In the End Heat Death Entropy and the Arrow of Time

Can thermodynamics provide us with the desired proof of an irreversible direction of time? To answer this question, I will turn directly to the Second Law of Thermodynamics, which was first formulated by Rudolf Clausius during the second half of the nineteenth century and now exists in various formulations. For the purposes of this study, I will use the following wording: In an isolated system, entropy never decreases; in the case of reversible processes, it remains constant; and, in the case of irreversible processes, it continually increases.

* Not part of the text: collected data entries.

text \<open>Probability that tilde P_k returns the multiset S: sum over all sequences of
  independent choices of the r remaining points that produce S.\<close>
definition ptilde_prob :: "'a set \<Rightarrow> ('a \<Rightarrow> real) \<Rightarrow> nat \<Rightarrow> 'a multiset \<Rightarrow> real" where
  "ptilde_prob X P k S =
     (\<Sum>ys\<in>{ys. set ys \<subseteq> X \<and> length ys = rem_count X P k \<and> base_ms X P k + mset ys = S}.
        (\<Prod>y\<leftarrow>ys. resid_prob X P k y))"

end

(*
  Fix any k-multiset O.  Averaging an optimal matching between O and a sample X ~ P_k over the
  sample gives a fractional transport plan T between O and the measure k P whose cost is the
  k-RP cost of O.  A slack row tops every column sum k P(x) of T up to its ceiling; the margins
  are then integral, and moving along circulations supported on the fractional entries (which
  exist by counting equations against unknowns) rounds T to an integral plan that is no more
  expensive, keeps the row sums, and has column sums between the floor and the ceiling of
  k P(x).  Its column multiset S is therefore in the support of the variance-reduced
  distribution, and d_k(S, O) is at most the cost of O.  By the triangle inequality for d_k,
  the cost of S is at most d_k(S, O) + cost(O) <= 2 cost(O).
*)
theory Submission
  imports Defs
begin

section \<open>Rounding matrices with integral margins\<close>

lemma back_substitution:
  fixes a :: "'e \<Rightarrow> real"
  assumes "finite E" "p \<in> E" "a p = 0 \<Longrightarrow> \<forall>e\<in>E. a e = 0"
    and "\<forall>b\<in>B. (\<Sum>e\<in>E - {p}. (b e - b p * a e / a p) * g' e) = 0"
  defines "g \<equiv> g'(p := - (\<Sum>e\<in>E - {p}. a e * g' e) / a p)"
  shows "\<forall>b\<in>insert a B. (\<Sum>e\<in>E. b e * g e) = 0"
proof
  fix b assume "b \<in> insert a B"
  define s where "s = (\<Sum>e\<in>E - {p}. a e * g' e)"
  have "(\<Sum>e\<in>E. b e * g e) = b p * g p + (\<Sum>e\<in>E - {p}. b e * g' e)"
    using assms(1,2) by (auto simp: g_def sum.remove[of E p] intro!: sum.cong)
  moreover have "(\<Sum>e\<in>E - {p}. b e * g' e) = b p / a p * s" if "b \<in> B"
    using assms(4) that by (simp add: s_def algebra_simps sum_subtractf sum_distrib_left)
  ultimately show "(\<Sum>e\<in>E. b e * g e) = 0"
    using \<open>b \<in> insert a B\<close> assms(3) by (auto simp: g_def s_def)
qed

lemma homogeneous_linear_system_nontrivial_solution:
  fixes A :: "('e \<Rightarrow> real) set"
  assumes "finite E" "finite A" "card A < card E"
  shows "\<exists>g. (\<forall>e. e \<notin> E \<longrightarrow> g e = 0) \<and> (\<exists>e\<in>E. g e \<noteq> 0) \<and>
             (\<forall>a\<in>A. (\<Sum>e\<in>E. a e * g e) = 0)"
  using assms
proof (induction "card A" arbitrary: A E rule: less_induct)
  case less
  then obtain e0 where e0: "e0 \<in> E" by fastforce
  show ?case
  proof (cases "A = {}")
    case True
    then show ?thesis using e0
      by (intro exI[of _ "\<lambda>e. if e = e0 then 1 else 0"]) auto
  next
    case False
    then obtain a where a: "a \<in> A" by blast
    \<comment> \<open>Pivot on a nonzero coefficient of a if there is one; if a is the zero equation,
        any pivot works because division by zero yields zero.\<close>
    obtain p where p: "p \<in> E" "a p = 0 \<Longrightarrow> \<forall>e\<in>E. a e = 0"
      using e0 by (cases "\<exists>e\<in>E. a e \<noteq> 0") auto
    define A' where "A' = (\<lambda>b e. b e - b p * a e / a p) ` (A - {a})"
    have "card A' \<le> card A - 1"
      using card_image_le[of "A - {a}"] a less.prems(2) by (simp add: A'_def)
    moreover have "card (E - {p}) = card E - 1" "card A > 0"
      using a p(1) less.prems by (auto simp: card_gt_0_iff)
    ultimately have "card A' < card A" "card A' < card (E - {p})"
      using less.prems(3) by linarith+
    moreover have "finite A'" "finite (E - {p})" using less.prems by (simp_all add: A'_def)
    ultimately obtain g' where g': "\<forall>e. e \<notin> E - {p} \<longrightarrow> g' e = 0" "\<exists>e\<in>E - {p}. g' e \<noteq> 0"
        "\<forall>b\<in>A'. (\<Sum>e\<in>E - {p}. b e * g' e) = 0"
      using less.hyps by blast
    define g where "g = g'(p := - (\<Sum>e\<in>E - {p}. a e * g' e) / a p)"
    have "\<forall>b\<in>insert a (A - {a}). (\<Sum>e\<in>E. b e * g e) = 0"
      unfolding g_def using g'(3) less.prems(1) p by (intro back_substitution) (auto simp: A'_def)
    moreover have "\<forall>e. e \<notin> E \<longrightarrow> g e = 0" "\<exists>e\<in>E. g e \<noteq> 0"
      using g'(1,2) p(1) by (auto simp: g_def)
    ultimately show ?thesis using a by (intro exI[of _ g]) (auto simp: insert_absorb)
  qed
qed

definition fractional_entries :: "('i \<times> 'j \<Rightarrow> real) \<Rightarrow> 'i set \<Rightarrow> 'j set \<Rightarrow> ('i \<times> 'j) set" where
  "fractional_entries M I J = {e \<in> I \<times> J. M e \<notin> \<int>}"

lemma finite_fractional_entries [simp]:
  "finite I \<Longrightarrow> finite J \<Longrightarrow> finite (fractional_entries M I J)"
  unfolding fractional_entries_def by (auto intro: finite_subset)

lemma fractional_entries_transpose:
  "fractional_entries (M \<circ> prod.swap) J I = prod.swap ` fractional_entries M I J"
  by (auto simp: fractional_entries_def image_iff)

lemma two_mult_card_image_le:
  assumes "finite F" "\<forall>i\<in>f ` F. 2 \<le> card {e\<in>F. f e = i}"
  shows "2 * card (f ` F) \<le> card F"
proof -
  have "2 * card (f ` F) = (\<Sum>i\<in>f ` F. 2)" by simp
  also have "\<dots> \<le> (\<Sum>i\<in>f ` F. card {e\<in>F. f e = i})"
    using assms(2) by (intro sum_mono) auto
  also have "\<dots> = card F"
    using sum.group[OF assms(1) finite_imageI[OF assms(1)], where g = f and h = "\<lambda>_. 1::nat"]
    by simp
  finally show ?thesis .
qed

lemma card_fractional_entries_in_row_ge_2:
  fixes M :: "'i \<times> 'j \<Rightarrow> real"
  assumes "finite I" "finite J" "\<forall>i\<in>I. (\<Sum>j\<in>J. M (i,j)) \<in> \<int>"
    and "i \<in> fst ` fractional_entries M I J"
  shows "2 \<le> card {e \<in> fractional_entries M I J. fst e = i}"
proof (rule ccontr)
  let ?F = "fractional_entries M I J"
  obtain j1 where j1: "(i,j1) \<in> ?F" using assms(4) by force
  then have i: "i \<in> I" and "j1 \<in> J" by (auto simp: fractional_entries_def)
  assume "\<not> 2 \<le> card {e \<in> ?F. fst e = i}"
  then have "card {e \<in> ?F. fst e = i} \<le> Suc 0" by simp
  then have "(i,j) \<notin> ?F" if "j \<noteq> j1" for j
    using j1 that assms(1,2) by (subst (asm) card_le_Suc0_iff_eq) auto
  then have "(\<Sum>j\<in>J - {j1}. M (i,j)) \<in> \<int>"
    using i by (intro Ints_sum) (auto simp: fractional_entries_def)
  moreover have "(\<Sum>j\<in>J. M (i,j)) = M (i,j1) + (\<Sum>j\<in>J - {j1}. M (i,j))"
    using assms(2) \<open>j1 \<in> J\<close> by (simp add: sum.remove)
  ultimately have "M (i,j1) \<in> \<int>"
    using assms(3) i by (metis Ints_diff add_diff_cancel_right')
  then show False using j1 by (simp add: fractional_entries_def)
qed

lemma two_mult_card_fractional_rows_le:
  fixes M :: "'i \<times> 'j \<Rightarrow> real"
  assumes "finite I" "finite J" "\<forall>i\<in>I. (\<Sum>j\<in>J. M (i,j)) \<in> \<int>"
  shows "2 * card (fst ` fractional_entries M I J) \<le> card (fractional_entries M I J)"
  using assms card_fractional_entries_in_row_ge_2[OF assms]
  by (intro two_mult_card_image_le) auto

lemma two_mult_card_fractional_columns_le:
  fixes M :: "'i \<times> 'j \<Rightarrow> real"
  assumes "finite I" "finite J" "\<forall>j\<in>J. (\<Sum>i\<in>I. M (i,j)) \<in> \<int>"
  shows "2 * card (snd ` fractional_entries M I J) \<le> card (fractional_entries M I J)"
proof -
  have "2 * card (fst ` fractional_entries (M \<circ> prod.swap) J I)
        \<le> card (fractional_entries (M \<circ> prod.swap) J I)"
    using assms by (intro two_mult_card_fractional_rows_le) auto
  moreover have "fst ` prod.swap ` F = snd ` F" for F :: "('i \<times> 'j) set" by force
  ultimately show ?thesis
    by (simp add: fractional_entries_transpose card_image)
qed

lemma sum_over_support_row_column:
  fixes g :: "'i \<times> 'j \<Rightarrow> real"
  assumes "finite I" "finite J" "F \<subseteq> I \<times> J" "\<forall>e. e \<notin> F \<longrightarrow> g e = 0"
  shows "i \<in> I \<Longrightarrow> (\<Sum>e\<in>F. (if fst e = i then 1 else 0) * g e) = (\<Sum>j\<in>J. g (i,j))"
    and "j \<in> J \<Longrightarrow> (\<Sum>e\<in>F. (if snd e = j then 1 else 0) * g e) = (\<Sum>i\<in>I. g (i,j))"
proof -
  have row_major: "(\<Sum>e\<in>F. (if p e then 1 else 0) * g e)
      = (\<Sum>i\<in>I. \<Sum>j\<in>J. if p (i,j) then g (i,j) else 0)" for p :: "'i \<times> 'j \<Rightarrow> bool"
    using assms by (subst sum.mono_neutral_left[of "I \<times> J"])
      (auto simp: sum.cartesian_product intro!: sum.cong)
  then have column_major: "(\<Sum>e\<in>F. (if p e then 1 else 0) * g e)
      = (\<Sum>j\<in>J. \<Sum>i\<in>I. if p (i,j) then g (i,j) else 0)" for p :: "'i \<times> 'j \<Rightarrow> bool"
    by (subst sum.swap) simp
  show "i \<in> I \<Longrightarrow> (\<Sum>e\<in>F. (if fst e = i then 1 else 0) * g e) = (\<Sum>j\<in>J. g (i,j))"
    using column_major[of "\<lambda>e. fst e = i"] assms(1) by simp
  show "j \<in> J \<Longrightarrow> (\<Sum>e\<in>F. (if snd e = j then 1 else 0) * g e) = (\<Sum>i\<in>I. g (i,j))"
    using row_major[of "\<lambda>e. snd e = j"] assms(2) by simp
qed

While an open system can exchange energy and matter with its environment, a closed system exchanges only energy with its environment. A theoretical idealization of the closed system that is often used successfully is the isolated system, in which neither matter nor energy is exchanged. Entropy denotes the measure of disorder in a system. In everyday life, we experience entropy in many ways: Hot coffee cools off at room temperature; it has not yet been observed that milk poured into coffee spontaneously separates out again after dispersing, although according to the laws of classical mechanics, this must be possible. These observations create enigmas. How can it be that coffee and milk follow a temporal sense of direction although the laws that determine the behavior of coffee and milk molecules are time-symmet-ric?283

But it is not only the domestic coffee table that obeys the Second Law; even our solar system continually complies with it. The sun is slowly burning its nuclear energy; it will radiate light and warmth until its collapse in approximately five billion years, and thus, with every photon emitted, it increases entropy in the universe. Applied to the universe as a whole, the theorem of ever-increasing entropy therefore means that the order in the universe is moving toward decay. In this context, one frequently speaks of the inevitable heat death of the universe. This does not mean that the universe is being destroyed by heat. Nor does it mean directly that the heat is disappearing and extreme cold will rule. What is "dying" is the exchange of energy, so that ultimately there will no longer be a gradient between different levels of energy. Heat death thus signifies complete heat equalization (thermal equilibrium) and maximum disorder. A state has been reached where time has ceased to flow. This is why thermal balance is also called a "time peak" \Zeit-gipfe[\2U At the time peak, an isolated system is cut off from a possible future because it can no longer change. It also no longer has access to its past, for the development cannot be directed backwards by the decrease in entropy. For the first time, something like a historical dimension becomes visible in physics itself.285 The irreversibility in thermodynamics invites one to rethink the relationship of being and becoming. For Newton it was reasonable to understand the universe as a pattern of eternally existing elements. Thermodynamics, on the contrary, urges one to understand becoming as the basic structure of the universe.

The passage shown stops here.